• [Your assignment]:
Please copy each line of the data that includes the string "True".

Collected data
********

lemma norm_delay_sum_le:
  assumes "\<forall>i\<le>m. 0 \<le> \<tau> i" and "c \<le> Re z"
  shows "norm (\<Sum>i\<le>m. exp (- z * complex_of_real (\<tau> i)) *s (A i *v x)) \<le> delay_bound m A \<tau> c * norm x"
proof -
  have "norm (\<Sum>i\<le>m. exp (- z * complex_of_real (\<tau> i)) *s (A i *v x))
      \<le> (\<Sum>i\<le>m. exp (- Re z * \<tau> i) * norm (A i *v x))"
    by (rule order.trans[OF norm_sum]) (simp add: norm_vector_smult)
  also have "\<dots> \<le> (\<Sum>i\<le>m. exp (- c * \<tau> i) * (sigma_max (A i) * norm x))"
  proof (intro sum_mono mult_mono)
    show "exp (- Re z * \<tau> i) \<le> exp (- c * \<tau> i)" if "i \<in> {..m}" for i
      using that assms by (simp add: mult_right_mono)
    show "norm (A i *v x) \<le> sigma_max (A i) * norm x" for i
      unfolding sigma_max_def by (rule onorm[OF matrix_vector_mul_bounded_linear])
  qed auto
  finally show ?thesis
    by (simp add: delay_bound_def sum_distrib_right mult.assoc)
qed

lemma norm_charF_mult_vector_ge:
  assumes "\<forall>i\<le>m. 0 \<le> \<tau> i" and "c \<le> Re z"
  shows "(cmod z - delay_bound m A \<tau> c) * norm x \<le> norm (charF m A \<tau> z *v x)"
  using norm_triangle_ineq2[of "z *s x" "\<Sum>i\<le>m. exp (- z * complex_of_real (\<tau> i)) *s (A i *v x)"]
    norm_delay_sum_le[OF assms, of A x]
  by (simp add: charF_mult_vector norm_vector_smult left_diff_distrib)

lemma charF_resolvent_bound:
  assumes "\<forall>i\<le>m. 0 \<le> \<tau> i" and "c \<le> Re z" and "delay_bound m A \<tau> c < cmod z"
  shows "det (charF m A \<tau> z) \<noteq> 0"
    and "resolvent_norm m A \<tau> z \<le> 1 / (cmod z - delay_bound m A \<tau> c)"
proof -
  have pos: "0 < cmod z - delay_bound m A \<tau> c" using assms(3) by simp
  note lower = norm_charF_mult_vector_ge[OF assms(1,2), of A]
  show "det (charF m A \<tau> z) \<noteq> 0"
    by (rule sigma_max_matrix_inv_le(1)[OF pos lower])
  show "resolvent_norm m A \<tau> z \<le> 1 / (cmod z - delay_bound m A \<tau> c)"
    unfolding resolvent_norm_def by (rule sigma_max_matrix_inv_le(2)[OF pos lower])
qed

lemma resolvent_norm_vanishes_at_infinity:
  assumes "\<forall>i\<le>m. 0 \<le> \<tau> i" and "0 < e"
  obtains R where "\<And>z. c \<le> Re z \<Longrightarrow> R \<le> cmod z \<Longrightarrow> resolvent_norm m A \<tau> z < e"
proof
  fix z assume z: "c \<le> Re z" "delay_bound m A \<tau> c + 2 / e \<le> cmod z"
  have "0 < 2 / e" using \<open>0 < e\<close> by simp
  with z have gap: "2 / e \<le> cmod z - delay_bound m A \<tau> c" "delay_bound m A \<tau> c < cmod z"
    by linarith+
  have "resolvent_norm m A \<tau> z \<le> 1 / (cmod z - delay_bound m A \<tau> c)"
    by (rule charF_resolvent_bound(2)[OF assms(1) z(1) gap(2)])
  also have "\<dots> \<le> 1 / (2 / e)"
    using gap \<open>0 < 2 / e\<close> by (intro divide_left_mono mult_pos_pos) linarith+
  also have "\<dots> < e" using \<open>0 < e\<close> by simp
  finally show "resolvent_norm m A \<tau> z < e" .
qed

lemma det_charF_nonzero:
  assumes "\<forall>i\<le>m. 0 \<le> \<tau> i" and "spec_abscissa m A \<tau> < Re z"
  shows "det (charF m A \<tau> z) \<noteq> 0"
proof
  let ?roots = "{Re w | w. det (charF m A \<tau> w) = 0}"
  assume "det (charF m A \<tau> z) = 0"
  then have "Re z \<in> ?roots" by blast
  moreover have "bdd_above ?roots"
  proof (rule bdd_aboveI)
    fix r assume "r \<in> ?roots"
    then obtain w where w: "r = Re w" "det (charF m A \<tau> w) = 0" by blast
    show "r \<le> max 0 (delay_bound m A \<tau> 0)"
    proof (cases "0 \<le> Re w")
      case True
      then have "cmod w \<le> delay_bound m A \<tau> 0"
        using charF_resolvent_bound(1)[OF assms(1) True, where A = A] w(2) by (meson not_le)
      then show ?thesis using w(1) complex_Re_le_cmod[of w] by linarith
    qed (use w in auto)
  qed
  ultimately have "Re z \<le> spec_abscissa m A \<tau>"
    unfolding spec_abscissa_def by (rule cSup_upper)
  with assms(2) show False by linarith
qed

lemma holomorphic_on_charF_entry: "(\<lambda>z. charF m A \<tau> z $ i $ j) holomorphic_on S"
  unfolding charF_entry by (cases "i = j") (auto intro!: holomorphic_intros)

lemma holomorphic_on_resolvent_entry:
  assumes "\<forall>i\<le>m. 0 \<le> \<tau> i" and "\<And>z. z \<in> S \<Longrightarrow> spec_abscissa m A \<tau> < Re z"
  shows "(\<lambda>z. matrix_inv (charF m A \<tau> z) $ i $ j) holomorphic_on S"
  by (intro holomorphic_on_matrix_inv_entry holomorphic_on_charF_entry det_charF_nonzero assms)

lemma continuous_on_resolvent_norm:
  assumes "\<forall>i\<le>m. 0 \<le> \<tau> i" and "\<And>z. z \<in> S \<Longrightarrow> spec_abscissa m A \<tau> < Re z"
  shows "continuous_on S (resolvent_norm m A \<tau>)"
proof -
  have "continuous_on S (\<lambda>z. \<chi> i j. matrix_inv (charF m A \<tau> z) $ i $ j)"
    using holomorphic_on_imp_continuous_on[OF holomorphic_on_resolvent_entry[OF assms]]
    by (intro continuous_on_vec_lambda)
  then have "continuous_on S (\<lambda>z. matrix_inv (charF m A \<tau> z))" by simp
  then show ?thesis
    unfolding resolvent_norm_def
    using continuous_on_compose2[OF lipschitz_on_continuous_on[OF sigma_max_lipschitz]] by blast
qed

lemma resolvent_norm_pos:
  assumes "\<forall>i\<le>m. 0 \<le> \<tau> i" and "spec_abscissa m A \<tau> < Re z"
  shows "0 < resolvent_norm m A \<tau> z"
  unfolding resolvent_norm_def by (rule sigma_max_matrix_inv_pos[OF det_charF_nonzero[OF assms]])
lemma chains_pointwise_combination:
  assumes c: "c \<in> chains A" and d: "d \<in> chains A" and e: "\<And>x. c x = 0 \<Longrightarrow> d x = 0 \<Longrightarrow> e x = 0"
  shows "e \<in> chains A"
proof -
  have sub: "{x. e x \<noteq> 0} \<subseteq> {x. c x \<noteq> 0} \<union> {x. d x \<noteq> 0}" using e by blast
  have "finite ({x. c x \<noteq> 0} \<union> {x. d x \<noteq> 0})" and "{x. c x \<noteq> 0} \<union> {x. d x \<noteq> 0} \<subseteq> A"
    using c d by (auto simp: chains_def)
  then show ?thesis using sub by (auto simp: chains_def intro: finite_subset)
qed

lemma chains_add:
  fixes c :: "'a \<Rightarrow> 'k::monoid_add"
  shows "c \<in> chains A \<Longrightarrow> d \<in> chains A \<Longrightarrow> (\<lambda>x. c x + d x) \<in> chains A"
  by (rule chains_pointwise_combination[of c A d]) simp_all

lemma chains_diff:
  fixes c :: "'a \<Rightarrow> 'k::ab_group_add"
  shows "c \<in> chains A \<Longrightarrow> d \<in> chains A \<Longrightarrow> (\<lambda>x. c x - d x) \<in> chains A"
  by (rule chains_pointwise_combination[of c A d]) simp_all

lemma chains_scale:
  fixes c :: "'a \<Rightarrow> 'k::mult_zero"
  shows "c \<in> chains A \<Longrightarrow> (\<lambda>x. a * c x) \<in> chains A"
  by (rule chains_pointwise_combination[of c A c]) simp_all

********

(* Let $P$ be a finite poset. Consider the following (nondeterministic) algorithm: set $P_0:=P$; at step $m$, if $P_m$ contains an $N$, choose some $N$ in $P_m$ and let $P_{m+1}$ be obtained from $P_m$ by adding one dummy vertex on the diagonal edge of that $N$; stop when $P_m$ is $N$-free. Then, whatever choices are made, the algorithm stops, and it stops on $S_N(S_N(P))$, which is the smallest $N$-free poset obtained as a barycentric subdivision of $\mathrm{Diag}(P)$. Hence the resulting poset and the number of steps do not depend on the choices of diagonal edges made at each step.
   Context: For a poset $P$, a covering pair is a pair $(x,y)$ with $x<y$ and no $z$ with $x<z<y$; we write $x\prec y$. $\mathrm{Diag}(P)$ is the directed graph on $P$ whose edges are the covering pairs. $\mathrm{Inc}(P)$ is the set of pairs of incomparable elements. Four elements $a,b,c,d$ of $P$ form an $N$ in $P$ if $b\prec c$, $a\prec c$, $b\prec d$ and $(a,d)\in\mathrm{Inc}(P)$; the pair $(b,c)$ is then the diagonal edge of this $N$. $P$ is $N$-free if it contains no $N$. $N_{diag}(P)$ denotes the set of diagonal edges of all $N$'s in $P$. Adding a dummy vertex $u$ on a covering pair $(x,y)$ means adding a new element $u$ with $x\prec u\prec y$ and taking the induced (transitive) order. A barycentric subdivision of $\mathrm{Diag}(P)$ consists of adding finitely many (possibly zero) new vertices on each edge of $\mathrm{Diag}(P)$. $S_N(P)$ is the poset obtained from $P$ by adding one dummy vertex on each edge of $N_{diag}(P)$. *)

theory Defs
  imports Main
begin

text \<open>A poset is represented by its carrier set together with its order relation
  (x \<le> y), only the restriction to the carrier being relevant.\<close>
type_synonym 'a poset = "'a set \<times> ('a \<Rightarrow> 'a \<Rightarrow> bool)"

********

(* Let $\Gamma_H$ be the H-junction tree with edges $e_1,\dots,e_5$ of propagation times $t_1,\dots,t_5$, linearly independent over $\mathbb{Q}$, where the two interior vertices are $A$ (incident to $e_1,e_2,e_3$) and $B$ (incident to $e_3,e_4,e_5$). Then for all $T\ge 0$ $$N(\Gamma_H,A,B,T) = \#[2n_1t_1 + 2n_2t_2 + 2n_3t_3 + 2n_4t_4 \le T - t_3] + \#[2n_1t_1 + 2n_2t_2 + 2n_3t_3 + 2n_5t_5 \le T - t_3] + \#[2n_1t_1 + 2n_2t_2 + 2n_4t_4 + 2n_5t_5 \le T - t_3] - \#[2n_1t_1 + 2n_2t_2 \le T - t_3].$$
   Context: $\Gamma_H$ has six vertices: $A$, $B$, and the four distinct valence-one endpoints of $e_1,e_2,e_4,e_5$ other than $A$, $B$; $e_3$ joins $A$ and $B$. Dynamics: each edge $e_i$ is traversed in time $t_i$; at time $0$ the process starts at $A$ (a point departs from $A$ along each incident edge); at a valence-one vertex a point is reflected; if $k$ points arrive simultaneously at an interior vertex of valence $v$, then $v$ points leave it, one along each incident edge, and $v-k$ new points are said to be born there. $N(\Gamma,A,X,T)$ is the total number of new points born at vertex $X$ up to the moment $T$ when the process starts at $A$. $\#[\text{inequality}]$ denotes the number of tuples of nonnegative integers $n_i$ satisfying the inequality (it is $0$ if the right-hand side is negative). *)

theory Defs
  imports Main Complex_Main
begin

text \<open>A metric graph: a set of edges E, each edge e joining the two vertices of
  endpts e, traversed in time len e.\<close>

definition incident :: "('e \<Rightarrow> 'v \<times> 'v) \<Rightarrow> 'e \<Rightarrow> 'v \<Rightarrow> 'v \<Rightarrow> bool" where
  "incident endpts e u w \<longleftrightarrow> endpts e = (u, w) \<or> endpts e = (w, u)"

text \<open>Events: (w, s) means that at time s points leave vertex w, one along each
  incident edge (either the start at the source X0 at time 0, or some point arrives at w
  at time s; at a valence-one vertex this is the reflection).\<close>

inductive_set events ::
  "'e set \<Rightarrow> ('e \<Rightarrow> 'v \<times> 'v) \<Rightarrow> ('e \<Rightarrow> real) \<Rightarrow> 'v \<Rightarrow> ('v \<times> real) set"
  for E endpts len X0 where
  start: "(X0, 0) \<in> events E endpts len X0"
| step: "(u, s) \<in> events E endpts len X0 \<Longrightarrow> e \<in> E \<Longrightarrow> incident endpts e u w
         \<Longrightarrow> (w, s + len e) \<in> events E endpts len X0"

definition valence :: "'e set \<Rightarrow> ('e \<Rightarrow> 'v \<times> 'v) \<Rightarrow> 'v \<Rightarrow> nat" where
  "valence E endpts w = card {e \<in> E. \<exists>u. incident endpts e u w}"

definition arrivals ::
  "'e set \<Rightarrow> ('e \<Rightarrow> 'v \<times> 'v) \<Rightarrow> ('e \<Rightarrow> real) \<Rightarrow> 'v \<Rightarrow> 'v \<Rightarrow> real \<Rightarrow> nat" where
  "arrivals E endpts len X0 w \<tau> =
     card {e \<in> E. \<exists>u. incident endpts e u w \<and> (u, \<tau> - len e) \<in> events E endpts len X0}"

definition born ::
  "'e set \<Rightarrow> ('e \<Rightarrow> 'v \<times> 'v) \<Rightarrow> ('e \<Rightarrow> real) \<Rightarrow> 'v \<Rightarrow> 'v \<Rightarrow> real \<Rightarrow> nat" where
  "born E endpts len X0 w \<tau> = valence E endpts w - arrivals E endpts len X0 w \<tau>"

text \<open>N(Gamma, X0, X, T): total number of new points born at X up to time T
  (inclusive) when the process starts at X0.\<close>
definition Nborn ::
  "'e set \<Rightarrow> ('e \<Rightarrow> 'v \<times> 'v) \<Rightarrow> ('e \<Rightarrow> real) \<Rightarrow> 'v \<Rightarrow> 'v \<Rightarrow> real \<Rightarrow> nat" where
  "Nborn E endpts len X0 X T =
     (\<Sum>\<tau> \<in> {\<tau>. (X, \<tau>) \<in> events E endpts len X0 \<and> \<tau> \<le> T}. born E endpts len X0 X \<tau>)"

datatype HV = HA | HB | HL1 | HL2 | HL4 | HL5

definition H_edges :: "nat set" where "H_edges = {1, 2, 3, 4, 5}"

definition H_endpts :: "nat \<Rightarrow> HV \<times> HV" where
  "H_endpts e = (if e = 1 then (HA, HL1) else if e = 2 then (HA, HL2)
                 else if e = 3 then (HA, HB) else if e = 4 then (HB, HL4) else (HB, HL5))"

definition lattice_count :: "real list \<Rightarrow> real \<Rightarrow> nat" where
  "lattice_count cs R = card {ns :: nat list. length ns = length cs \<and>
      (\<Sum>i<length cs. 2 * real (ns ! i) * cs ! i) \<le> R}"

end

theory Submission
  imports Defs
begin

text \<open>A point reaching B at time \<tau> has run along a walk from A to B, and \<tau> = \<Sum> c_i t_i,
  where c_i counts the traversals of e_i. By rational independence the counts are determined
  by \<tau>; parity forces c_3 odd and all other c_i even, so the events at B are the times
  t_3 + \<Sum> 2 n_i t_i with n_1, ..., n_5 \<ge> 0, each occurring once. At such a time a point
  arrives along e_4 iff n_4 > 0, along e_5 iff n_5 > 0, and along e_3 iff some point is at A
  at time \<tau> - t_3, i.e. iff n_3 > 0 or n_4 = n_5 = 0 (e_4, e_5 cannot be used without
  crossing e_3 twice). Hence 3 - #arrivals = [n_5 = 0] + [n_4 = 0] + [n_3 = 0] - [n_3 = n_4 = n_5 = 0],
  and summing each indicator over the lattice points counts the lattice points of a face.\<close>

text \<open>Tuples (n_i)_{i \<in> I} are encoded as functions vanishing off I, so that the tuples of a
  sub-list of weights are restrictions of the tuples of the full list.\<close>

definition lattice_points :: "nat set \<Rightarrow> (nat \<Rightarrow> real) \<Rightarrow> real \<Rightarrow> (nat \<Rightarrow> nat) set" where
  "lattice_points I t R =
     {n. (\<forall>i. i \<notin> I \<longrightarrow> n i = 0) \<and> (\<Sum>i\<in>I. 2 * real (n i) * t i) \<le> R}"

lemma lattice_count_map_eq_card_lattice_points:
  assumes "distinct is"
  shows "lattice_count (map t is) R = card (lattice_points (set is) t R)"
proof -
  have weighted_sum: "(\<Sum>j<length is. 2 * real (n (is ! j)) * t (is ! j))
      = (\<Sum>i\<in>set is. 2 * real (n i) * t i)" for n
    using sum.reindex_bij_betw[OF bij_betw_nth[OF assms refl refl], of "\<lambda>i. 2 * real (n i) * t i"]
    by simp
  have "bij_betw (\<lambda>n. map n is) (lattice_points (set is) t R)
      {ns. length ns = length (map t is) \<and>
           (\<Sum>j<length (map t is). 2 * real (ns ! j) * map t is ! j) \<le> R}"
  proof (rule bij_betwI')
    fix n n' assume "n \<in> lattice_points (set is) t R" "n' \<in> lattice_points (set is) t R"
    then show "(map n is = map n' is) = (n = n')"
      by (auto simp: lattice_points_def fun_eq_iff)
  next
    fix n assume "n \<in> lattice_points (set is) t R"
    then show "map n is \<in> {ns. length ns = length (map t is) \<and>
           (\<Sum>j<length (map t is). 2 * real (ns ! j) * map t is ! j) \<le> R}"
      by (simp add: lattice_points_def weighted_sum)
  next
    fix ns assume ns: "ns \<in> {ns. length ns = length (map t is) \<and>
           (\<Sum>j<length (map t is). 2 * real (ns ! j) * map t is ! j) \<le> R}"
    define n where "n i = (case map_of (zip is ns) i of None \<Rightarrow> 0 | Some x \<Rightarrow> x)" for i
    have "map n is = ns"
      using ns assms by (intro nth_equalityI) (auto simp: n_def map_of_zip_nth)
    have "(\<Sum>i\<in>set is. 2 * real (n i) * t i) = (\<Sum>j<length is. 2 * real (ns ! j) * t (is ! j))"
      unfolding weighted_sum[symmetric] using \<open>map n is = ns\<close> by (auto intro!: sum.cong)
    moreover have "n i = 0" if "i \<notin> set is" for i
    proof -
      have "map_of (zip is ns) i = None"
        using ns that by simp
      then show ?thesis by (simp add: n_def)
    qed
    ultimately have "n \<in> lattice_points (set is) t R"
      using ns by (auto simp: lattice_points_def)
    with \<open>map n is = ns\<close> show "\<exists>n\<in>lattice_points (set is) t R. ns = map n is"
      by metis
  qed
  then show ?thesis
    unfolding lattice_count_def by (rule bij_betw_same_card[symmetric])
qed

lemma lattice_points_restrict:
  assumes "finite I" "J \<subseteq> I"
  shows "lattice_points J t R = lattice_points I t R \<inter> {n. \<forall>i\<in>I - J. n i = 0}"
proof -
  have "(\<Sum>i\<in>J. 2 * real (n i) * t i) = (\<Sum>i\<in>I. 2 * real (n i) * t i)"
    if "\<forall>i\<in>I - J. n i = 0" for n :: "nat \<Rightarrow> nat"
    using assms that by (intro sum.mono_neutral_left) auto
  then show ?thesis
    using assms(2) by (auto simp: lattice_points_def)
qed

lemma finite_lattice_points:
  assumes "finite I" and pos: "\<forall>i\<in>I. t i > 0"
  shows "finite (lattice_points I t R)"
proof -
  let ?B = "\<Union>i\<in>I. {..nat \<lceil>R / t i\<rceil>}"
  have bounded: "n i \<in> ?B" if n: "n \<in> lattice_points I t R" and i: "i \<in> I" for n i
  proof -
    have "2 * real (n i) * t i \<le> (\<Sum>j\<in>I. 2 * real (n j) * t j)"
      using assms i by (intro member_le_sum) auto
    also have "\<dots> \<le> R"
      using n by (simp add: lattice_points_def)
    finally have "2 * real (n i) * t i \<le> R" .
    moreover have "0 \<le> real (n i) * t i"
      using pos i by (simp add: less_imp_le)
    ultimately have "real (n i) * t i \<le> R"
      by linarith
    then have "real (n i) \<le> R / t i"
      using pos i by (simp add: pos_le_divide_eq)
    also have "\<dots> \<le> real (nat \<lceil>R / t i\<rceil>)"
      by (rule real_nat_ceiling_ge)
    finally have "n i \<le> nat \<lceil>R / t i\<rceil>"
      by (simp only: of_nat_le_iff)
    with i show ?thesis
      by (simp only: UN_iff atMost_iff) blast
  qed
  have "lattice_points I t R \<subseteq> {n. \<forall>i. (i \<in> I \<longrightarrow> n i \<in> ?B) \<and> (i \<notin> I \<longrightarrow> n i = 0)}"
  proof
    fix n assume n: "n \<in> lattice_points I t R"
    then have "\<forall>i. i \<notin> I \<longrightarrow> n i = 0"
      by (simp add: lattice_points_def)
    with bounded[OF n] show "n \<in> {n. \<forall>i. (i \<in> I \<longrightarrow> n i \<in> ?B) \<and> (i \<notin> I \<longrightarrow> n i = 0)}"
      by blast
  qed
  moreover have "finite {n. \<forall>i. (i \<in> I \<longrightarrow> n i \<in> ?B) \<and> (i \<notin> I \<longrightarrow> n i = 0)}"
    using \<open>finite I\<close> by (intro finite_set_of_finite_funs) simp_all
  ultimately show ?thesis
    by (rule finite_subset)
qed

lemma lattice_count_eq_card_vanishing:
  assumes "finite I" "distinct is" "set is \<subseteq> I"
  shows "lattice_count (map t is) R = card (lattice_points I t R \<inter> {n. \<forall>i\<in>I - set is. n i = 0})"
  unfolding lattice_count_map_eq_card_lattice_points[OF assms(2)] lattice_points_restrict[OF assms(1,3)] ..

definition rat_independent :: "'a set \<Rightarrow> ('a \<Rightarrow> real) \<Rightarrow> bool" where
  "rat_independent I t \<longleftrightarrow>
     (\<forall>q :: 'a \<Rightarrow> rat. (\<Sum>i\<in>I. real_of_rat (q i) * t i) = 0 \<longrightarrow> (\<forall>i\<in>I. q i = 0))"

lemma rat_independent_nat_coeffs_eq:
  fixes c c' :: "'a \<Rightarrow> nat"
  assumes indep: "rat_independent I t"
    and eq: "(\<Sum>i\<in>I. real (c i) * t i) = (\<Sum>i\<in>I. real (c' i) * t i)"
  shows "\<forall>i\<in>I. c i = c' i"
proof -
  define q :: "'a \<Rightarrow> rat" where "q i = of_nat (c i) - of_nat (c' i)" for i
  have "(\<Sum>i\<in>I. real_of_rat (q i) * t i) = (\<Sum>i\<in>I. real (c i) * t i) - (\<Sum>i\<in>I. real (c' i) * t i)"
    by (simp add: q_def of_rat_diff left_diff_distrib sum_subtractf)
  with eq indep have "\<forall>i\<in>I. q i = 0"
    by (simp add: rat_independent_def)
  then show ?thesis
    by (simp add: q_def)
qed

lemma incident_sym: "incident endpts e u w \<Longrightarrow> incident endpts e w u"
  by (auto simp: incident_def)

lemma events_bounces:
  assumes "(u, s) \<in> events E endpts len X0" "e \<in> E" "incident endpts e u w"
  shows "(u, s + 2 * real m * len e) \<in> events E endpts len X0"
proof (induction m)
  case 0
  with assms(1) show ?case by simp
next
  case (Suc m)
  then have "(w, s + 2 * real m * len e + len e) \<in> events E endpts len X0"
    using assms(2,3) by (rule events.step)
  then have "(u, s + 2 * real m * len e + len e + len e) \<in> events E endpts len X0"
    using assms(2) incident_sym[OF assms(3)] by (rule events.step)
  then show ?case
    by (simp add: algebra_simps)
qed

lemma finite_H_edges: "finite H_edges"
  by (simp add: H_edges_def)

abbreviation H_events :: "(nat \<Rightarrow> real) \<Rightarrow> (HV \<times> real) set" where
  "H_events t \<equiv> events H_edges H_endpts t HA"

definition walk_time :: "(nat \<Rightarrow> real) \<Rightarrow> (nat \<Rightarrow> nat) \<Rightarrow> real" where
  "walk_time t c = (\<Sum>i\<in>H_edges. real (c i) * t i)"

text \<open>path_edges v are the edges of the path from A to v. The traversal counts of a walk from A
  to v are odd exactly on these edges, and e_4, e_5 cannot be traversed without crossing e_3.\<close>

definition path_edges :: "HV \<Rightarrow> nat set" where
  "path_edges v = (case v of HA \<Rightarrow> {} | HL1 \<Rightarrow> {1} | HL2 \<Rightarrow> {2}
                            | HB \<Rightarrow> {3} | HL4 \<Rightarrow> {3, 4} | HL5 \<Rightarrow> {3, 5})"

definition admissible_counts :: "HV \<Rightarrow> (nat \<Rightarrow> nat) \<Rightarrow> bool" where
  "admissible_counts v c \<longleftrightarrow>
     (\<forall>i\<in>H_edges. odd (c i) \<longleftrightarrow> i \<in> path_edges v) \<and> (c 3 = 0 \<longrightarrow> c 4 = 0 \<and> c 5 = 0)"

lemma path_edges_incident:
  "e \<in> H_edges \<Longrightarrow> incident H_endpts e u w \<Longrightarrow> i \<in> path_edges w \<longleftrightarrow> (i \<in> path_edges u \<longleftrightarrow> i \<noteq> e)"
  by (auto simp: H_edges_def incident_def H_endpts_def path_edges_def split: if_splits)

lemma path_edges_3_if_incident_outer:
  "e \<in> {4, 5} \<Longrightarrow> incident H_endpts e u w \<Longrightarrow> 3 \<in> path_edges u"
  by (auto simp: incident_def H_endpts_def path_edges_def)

********

• [Answer section]:
      case True
        using charF_resolvent_bound(1)[OF assms(1) True, where A = A] w(2) by (meson not_le)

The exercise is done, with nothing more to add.